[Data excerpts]
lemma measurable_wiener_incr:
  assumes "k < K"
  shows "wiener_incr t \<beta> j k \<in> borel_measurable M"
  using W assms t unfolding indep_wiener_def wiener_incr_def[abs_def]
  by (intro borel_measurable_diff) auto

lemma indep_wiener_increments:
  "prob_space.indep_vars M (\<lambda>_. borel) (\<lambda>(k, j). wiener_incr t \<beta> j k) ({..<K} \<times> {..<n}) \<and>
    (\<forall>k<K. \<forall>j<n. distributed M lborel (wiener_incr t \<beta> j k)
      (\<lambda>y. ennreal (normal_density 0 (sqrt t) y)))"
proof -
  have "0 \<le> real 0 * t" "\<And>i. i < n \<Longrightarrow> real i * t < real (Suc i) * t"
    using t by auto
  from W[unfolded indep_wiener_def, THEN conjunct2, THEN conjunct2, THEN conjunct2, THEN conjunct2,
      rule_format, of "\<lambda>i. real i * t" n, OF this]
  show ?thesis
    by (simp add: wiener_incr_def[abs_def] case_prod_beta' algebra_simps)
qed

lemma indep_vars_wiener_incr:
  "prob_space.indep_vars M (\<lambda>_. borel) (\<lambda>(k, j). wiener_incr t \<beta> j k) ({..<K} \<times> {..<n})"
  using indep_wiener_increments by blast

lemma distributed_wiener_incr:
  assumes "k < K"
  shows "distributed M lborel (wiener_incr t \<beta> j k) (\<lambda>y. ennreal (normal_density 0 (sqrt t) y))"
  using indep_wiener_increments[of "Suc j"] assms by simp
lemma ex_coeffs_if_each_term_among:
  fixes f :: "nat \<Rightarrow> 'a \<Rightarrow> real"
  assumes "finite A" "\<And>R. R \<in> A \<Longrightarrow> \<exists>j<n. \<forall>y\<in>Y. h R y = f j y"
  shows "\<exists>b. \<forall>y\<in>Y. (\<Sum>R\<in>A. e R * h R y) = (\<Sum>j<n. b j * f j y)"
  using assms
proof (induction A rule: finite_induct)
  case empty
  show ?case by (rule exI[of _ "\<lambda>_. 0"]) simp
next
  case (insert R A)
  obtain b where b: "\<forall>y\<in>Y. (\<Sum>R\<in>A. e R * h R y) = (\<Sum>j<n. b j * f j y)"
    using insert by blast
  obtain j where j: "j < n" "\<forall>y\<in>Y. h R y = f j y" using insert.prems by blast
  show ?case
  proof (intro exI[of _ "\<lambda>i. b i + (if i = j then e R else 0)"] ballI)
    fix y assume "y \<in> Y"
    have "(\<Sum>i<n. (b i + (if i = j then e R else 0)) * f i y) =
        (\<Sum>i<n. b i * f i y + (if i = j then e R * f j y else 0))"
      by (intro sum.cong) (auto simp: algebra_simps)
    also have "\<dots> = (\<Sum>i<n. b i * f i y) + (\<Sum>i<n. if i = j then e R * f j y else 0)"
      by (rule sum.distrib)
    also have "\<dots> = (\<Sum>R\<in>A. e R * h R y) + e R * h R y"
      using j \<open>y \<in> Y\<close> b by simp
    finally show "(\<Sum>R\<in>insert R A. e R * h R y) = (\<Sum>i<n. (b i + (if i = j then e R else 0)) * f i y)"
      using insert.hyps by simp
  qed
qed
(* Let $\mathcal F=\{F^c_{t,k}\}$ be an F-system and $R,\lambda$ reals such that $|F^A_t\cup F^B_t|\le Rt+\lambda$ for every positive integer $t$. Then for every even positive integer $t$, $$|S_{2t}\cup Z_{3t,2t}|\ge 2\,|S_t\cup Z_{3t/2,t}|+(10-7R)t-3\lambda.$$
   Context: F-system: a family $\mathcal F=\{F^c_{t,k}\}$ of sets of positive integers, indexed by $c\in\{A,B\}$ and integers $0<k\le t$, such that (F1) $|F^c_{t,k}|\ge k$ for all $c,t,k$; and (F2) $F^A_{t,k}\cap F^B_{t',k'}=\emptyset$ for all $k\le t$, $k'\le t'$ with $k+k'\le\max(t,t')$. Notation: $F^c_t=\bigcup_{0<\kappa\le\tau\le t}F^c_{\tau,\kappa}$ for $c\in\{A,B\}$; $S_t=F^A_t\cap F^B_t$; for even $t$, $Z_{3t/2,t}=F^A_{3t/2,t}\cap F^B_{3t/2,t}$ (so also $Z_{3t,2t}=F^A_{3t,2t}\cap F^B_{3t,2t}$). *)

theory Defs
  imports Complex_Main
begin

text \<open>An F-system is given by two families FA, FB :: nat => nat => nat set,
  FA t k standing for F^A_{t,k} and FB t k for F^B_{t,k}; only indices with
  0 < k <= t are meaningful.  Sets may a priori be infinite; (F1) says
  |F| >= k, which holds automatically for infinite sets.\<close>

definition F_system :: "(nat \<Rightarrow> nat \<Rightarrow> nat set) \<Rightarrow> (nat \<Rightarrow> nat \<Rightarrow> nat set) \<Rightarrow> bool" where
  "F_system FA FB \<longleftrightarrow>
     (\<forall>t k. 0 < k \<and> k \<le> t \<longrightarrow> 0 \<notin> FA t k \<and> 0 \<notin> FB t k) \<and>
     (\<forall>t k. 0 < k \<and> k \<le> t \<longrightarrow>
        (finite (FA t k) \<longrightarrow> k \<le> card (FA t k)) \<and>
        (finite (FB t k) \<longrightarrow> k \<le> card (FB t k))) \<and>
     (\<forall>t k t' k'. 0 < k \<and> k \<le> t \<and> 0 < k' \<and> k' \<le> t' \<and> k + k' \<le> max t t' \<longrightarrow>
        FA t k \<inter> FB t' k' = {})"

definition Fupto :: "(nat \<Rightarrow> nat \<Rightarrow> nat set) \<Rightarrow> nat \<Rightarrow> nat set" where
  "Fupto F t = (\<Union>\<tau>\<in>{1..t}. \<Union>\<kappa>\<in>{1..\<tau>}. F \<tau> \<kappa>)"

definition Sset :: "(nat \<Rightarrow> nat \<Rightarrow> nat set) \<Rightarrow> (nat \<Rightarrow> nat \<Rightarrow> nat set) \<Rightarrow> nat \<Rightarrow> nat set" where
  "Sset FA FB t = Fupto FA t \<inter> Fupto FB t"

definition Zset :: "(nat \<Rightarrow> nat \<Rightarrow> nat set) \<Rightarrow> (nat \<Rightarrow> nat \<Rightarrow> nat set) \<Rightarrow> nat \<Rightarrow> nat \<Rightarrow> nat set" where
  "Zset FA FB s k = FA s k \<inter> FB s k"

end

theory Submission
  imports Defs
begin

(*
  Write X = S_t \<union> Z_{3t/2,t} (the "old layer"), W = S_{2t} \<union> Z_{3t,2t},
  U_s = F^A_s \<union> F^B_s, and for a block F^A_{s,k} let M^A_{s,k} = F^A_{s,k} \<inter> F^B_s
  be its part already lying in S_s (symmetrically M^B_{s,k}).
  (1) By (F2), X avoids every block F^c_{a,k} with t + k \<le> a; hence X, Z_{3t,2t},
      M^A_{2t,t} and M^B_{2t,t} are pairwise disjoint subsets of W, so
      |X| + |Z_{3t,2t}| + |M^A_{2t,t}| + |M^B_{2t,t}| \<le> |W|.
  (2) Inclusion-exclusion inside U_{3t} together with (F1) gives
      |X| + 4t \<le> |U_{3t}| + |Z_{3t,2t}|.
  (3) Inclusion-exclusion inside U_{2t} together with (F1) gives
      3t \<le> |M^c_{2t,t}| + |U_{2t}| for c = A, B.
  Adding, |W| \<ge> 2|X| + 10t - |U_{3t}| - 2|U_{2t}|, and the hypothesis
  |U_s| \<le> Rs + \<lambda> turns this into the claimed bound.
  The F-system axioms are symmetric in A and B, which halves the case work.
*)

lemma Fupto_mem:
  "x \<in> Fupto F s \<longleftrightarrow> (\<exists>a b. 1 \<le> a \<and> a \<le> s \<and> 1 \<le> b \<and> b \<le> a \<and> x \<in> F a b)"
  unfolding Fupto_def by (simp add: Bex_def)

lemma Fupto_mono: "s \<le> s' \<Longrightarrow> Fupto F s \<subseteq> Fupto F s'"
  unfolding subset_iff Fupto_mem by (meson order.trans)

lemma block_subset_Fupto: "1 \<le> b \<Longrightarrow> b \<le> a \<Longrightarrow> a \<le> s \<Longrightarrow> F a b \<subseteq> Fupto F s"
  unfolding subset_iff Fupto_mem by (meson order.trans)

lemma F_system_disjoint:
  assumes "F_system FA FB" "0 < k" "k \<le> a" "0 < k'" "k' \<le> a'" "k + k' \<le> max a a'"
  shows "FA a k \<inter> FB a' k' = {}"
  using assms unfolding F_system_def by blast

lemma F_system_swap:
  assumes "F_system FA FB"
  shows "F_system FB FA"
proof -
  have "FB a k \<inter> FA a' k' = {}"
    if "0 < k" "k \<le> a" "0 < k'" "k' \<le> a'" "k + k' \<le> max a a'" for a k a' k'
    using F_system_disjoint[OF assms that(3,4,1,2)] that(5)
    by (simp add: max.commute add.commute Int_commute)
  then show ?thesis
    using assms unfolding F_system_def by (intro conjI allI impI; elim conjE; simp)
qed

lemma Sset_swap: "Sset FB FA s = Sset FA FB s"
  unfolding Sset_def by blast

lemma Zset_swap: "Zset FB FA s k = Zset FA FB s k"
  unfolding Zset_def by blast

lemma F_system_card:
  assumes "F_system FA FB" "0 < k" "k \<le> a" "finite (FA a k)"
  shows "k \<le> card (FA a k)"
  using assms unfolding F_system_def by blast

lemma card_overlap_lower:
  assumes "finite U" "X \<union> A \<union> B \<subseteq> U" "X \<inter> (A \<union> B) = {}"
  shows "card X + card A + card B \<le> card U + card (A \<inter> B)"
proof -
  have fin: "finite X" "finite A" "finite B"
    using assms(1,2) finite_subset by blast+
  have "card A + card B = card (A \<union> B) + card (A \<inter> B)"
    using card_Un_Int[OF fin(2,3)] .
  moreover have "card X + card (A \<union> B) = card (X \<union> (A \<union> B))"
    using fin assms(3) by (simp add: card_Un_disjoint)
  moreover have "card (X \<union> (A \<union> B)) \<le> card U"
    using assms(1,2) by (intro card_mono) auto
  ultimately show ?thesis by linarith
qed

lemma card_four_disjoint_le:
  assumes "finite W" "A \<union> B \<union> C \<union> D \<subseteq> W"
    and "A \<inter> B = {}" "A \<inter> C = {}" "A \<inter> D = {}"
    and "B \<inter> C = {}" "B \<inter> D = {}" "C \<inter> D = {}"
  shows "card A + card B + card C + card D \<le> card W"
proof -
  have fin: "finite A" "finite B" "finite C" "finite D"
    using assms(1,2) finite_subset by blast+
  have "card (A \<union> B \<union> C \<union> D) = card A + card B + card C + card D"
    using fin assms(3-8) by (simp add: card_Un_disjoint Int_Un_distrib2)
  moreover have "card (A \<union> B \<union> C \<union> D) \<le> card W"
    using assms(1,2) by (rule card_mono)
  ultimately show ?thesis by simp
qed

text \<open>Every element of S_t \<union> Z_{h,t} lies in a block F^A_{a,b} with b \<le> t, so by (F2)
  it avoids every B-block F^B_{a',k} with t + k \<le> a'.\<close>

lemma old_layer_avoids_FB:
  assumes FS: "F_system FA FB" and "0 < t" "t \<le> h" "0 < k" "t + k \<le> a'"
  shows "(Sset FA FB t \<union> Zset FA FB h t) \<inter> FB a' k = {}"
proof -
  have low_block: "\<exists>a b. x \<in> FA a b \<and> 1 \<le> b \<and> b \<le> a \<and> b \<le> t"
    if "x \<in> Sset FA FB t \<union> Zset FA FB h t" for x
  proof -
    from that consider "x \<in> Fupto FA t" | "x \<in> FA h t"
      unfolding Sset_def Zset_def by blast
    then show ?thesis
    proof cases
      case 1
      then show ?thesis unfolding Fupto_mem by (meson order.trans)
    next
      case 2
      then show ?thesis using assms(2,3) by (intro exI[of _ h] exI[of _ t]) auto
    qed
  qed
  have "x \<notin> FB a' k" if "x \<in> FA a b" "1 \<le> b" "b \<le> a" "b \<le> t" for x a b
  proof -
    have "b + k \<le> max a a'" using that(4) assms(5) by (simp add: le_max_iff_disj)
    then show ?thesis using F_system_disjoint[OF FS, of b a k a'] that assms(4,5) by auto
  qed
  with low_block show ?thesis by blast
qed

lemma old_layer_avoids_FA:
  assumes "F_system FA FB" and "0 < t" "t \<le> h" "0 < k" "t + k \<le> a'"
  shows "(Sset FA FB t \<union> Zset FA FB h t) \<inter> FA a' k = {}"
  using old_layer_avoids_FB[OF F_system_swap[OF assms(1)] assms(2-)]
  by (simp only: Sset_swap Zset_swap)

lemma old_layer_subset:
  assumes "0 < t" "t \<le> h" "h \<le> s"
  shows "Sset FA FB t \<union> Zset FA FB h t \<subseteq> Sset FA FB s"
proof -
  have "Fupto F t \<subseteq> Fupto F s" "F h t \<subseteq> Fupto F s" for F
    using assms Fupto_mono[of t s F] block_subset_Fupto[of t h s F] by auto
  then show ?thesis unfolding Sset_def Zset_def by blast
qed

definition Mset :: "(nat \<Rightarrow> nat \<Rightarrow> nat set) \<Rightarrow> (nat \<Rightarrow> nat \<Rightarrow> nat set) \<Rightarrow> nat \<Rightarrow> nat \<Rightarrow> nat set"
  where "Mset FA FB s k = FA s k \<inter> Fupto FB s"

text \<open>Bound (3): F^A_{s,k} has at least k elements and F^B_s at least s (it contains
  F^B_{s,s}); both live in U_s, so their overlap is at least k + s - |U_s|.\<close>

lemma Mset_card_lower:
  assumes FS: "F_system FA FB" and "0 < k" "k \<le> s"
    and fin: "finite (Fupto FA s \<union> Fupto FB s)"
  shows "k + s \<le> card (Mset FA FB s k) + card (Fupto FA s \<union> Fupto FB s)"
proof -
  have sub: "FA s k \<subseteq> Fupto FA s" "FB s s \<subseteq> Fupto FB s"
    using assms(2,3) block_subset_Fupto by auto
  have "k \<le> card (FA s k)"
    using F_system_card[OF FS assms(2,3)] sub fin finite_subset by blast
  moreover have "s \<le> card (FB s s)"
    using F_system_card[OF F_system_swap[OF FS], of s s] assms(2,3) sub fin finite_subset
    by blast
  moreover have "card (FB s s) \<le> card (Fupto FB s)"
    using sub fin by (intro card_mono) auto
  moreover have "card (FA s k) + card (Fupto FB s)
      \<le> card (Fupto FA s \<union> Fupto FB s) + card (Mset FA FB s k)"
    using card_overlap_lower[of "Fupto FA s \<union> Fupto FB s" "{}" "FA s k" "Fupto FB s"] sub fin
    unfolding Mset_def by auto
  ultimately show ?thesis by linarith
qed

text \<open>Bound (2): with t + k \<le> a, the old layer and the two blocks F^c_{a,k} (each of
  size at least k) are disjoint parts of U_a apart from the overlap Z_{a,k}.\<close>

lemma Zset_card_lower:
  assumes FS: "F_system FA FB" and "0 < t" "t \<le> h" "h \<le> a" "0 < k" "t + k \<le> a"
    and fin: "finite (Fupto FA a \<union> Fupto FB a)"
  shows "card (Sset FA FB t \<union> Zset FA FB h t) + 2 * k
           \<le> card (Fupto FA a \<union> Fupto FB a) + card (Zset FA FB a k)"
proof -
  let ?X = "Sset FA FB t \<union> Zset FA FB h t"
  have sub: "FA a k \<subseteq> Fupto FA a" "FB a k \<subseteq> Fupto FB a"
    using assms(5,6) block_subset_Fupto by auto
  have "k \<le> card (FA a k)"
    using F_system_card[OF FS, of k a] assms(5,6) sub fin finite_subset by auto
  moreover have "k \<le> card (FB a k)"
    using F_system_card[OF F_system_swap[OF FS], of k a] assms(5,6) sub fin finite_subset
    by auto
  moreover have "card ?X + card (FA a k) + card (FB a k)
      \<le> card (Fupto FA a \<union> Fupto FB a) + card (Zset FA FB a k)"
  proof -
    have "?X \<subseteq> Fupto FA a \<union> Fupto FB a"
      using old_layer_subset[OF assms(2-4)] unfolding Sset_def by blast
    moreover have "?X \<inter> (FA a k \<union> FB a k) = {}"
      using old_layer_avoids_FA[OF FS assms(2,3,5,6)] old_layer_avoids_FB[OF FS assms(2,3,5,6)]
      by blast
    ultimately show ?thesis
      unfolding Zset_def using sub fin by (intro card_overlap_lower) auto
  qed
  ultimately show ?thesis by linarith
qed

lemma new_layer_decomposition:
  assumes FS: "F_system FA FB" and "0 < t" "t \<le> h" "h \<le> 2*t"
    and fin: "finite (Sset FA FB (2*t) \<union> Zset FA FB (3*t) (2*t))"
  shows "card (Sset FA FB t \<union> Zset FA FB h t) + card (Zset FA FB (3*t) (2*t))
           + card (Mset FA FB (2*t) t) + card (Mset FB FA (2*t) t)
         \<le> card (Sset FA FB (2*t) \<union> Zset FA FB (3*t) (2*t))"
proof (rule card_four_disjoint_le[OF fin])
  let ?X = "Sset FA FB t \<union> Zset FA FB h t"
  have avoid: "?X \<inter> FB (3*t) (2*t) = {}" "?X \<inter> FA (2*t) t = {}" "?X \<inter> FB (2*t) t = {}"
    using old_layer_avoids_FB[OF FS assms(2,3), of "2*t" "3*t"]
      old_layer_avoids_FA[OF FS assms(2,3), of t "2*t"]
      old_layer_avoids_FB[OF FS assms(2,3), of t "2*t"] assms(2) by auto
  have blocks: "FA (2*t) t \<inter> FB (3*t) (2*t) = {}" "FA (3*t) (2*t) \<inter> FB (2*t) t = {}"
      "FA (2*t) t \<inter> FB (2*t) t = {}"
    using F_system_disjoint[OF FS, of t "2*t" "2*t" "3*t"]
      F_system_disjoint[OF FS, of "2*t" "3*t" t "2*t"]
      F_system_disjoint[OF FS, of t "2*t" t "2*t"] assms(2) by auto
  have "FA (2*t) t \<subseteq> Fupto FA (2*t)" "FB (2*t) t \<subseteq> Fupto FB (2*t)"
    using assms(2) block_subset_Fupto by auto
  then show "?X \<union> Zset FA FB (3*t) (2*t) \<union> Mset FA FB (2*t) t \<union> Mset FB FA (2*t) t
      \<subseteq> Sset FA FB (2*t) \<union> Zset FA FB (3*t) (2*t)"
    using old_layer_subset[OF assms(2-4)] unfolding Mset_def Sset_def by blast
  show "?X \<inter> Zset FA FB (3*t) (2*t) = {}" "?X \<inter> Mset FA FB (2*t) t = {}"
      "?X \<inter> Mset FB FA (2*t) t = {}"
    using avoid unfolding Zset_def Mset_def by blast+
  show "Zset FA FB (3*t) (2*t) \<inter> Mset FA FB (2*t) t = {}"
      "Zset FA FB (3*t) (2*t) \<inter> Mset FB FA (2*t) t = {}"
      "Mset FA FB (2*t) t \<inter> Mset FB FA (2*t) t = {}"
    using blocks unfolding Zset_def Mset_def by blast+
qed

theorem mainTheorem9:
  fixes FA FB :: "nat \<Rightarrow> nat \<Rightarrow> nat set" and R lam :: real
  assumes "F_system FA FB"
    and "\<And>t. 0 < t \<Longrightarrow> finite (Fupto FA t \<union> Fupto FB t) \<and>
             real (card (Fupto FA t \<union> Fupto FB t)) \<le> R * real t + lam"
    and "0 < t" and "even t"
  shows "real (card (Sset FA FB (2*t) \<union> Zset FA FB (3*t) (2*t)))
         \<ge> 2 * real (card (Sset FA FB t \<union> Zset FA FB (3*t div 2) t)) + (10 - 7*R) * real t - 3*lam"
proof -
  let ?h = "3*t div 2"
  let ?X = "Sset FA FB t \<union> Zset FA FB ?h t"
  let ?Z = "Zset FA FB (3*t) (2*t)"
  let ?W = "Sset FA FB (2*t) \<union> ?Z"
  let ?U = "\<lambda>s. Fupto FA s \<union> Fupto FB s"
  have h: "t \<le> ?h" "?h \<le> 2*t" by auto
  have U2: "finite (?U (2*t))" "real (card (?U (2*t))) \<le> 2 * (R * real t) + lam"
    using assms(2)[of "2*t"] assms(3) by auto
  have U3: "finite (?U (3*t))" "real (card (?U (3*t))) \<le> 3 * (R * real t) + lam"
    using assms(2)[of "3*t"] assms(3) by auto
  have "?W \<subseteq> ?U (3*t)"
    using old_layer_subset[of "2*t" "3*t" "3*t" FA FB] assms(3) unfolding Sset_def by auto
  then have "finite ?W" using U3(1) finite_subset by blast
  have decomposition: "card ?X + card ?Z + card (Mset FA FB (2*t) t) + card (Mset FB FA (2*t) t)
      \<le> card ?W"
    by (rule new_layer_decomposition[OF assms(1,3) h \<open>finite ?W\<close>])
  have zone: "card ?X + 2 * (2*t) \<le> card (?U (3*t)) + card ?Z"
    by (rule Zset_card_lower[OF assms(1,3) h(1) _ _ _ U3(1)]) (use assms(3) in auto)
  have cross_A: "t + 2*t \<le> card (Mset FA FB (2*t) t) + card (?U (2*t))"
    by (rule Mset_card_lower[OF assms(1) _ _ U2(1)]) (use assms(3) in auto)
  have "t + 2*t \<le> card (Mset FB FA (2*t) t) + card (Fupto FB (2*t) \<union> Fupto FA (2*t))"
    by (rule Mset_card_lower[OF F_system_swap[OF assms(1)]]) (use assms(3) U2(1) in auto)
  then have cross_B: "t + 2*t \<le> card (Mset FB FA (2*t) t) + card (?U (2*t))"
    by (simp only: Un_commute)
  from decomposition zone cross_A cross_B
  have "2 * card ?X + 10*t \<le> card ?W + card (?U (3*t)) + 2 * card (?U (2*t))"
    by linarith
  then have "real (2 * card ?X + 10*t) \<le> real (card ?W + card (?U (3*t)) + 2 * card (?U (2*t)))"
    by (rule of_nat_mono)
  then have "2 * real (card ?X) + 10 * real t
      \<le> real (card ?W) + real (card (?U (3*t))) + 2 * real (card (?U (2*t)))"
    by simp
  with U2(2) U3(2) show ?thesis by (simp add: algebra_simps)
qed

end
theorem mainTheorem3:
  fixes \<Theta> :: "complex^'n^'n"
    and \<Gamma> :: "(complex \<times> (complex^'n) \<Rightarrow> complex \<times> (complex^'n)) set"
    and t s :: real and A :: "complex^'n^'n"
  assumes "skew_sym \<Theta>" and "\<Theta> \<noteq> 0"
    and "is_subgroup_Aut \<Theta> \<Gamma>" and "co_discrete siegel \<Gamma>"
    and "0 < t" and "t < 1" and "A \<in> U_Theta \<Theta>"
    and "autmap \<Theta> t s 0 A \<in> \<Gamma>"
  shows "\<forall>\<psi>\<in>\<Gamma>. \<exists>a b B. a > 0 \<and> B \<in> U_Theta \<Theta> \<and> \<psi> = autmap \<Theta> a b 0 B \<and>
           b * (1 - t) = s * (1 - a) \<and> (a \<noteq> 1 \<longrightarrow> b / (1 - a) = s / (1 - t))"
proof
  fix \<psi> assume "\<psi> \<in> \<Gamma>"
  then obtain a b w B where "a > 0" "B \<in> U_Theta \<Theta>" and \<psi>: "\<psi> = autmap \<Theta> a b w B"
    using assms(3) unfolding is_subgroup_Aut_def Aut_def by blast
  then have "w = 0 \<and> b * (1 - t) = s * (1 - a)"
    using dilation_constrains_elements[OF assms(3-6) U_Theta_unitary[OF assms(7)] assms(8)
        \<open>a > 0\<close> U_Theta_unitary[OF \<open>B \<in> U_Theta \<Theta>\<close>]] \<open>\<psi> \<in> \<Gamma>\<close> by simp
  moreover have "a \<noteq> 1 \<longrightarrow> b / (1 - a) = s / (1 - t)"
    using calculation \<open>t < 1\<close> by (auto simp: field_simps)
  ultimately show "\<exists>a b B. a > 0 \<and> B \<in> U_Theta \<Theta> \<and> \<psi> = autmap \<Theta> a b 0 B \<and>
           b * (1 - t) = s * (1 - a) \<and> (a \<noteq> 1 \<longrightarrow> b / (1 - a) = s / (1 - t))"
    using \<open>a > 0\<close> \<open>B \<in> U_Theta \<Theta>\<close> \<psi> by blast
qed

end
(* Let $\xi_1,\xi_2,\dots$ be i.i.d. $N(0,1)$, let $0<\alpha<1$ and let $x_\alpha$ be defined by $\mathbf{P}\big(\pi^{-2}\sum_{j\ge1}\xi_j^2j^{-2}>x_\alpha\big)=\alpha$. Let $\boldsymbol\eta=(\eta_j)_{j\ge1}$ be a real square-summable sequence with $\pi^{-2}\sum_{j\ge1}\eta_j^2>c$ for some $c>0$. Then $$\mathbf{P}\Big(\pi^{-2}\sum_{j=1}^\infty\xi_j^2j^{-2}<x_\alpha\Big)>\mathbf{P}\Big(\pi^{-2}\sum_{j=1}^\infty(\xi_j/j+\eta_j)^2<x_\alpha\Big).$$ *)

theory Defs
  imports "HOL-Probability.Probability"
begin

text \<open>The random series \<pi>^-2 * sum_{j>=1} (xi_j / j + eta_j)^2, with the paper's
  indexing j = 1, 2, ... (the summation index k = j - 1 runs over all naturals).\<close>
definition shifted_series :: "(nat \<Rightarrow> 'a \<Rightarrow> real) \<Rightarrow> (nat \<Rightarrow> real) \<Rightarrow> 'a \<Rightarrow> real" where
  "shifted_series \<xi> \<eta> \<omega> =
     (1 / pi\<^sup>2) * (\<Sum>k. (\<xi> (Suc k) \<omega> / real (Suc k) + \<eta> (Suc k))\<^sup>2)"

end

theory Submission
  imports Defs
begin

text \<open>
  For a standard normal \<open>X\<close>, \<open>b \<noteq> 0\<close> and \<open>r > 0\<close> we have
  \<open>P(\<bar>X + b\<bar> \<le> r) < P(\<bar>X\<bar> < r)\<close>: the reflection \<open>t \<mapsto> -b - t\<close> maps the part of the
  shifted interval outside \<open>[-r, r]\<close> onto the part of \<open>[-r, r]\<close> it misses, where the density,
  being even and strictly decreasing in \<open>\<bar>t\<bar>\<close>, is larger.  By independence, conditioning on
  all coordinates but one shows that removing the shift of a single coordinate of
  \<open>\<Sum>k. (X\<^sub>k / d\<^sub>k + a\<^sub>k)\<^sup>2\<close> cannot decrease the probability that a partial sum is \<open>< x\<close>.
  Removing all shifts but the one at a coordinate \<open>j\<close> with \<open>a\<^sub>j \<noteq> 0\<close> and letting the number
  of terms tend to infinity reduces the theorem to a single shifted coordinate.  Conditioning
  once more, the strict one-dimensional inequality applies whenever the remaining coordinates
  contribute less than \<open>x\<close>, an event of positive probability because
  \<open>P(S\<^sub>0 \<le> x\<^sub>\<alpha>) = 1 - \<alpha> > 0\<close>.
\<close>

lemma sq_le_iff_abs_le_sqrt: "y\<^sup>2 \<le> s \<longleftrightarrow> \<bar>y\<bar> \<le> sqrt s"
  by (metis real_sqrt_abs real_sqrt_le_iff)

- [Task requirements]:
Quote, word for word, every line from the top of the entries through the line that holds "case (insert R A)".

- [Answer to this problem]:
lemma measurable_wiener_incr:
  assumes "k < K"
  shows "wiener_incr t \<beta> j k \<in> borel_measurable M"
  using W assms t unfolding indep_wiener_def wiener_incr_def[abs_def]
  by (intro borel_measurable_diff) auto

lemma indep_wiener_increments:
  "prob_space.indep_vars M (\<lambda>_. borel) (\<lambda>(k, j). wiener_incr t \<beta> j k) ({..<K} \<times> {..<n}) \<and>
    (\<forall>k<K. \<forall>j<n. distributed M lborel (wiener_incr t \<beta> j k)
      (\<lambda>y. ennreal (normal_density 0 (sqrt t) y)))"
proof -
  have "0 \<le> real 0 * t" "\<And>i. i < n \<Longrightarrow> real i * t < real (Suc i) * t"
    using t by auto
  from W[unfolded indep_wiener_def, THEN conjunct2, THEN conjunct2, THEN conjunct2, THEN conjunct2,
      rule_format, of "\<lambda>i. real i * t" n, OF this]
  show ?thesis
    by (simp add: wiener_incr_def[abs_def] case_prod_beta' algebra_simps)
qed

lemma indep_vars_wiener_incr:
  "prob_space.indep_vars M (\<lambda>_. borel) (\<lambda>(k, j). wiener_incr t \<beta> j k) ({..<K} \<times> {..<n})"
  using indep_wiener_increments by blast

lemma distributed_wiener_incr:
  assumes "k < K"
  shows "distributed M lborel (wiener_incr t \<beta> j k) (\<lambda>y. ennreal (normal_density 0 (sqrt t) y))"
  using indep_wiener_increments[of "Suc j"] assms by simp
lemma ex_coeffs_if_each_term_among:
  fixes f :: "nat \<Rightarrow> 'a \<Rightarrow> real"
  assumes "finite A" "\<And>R. R \<in> A \<Longrightarrow> \<exists>j<n. \<forall>y\<in>Y. h R y = f j y"
  shows "\<exists>b. \<forall>y\<in>Y. (\<Sum>R\<in>A. e R * h R y) = (\<Sum>j<n. b j * f j y)"
  using assms
proof (induction A rule: finite_induct)
  case empty
  show ?case by (rule exI[of _ "\<lambda>_. 0"]) simp
next
  case (insert R A)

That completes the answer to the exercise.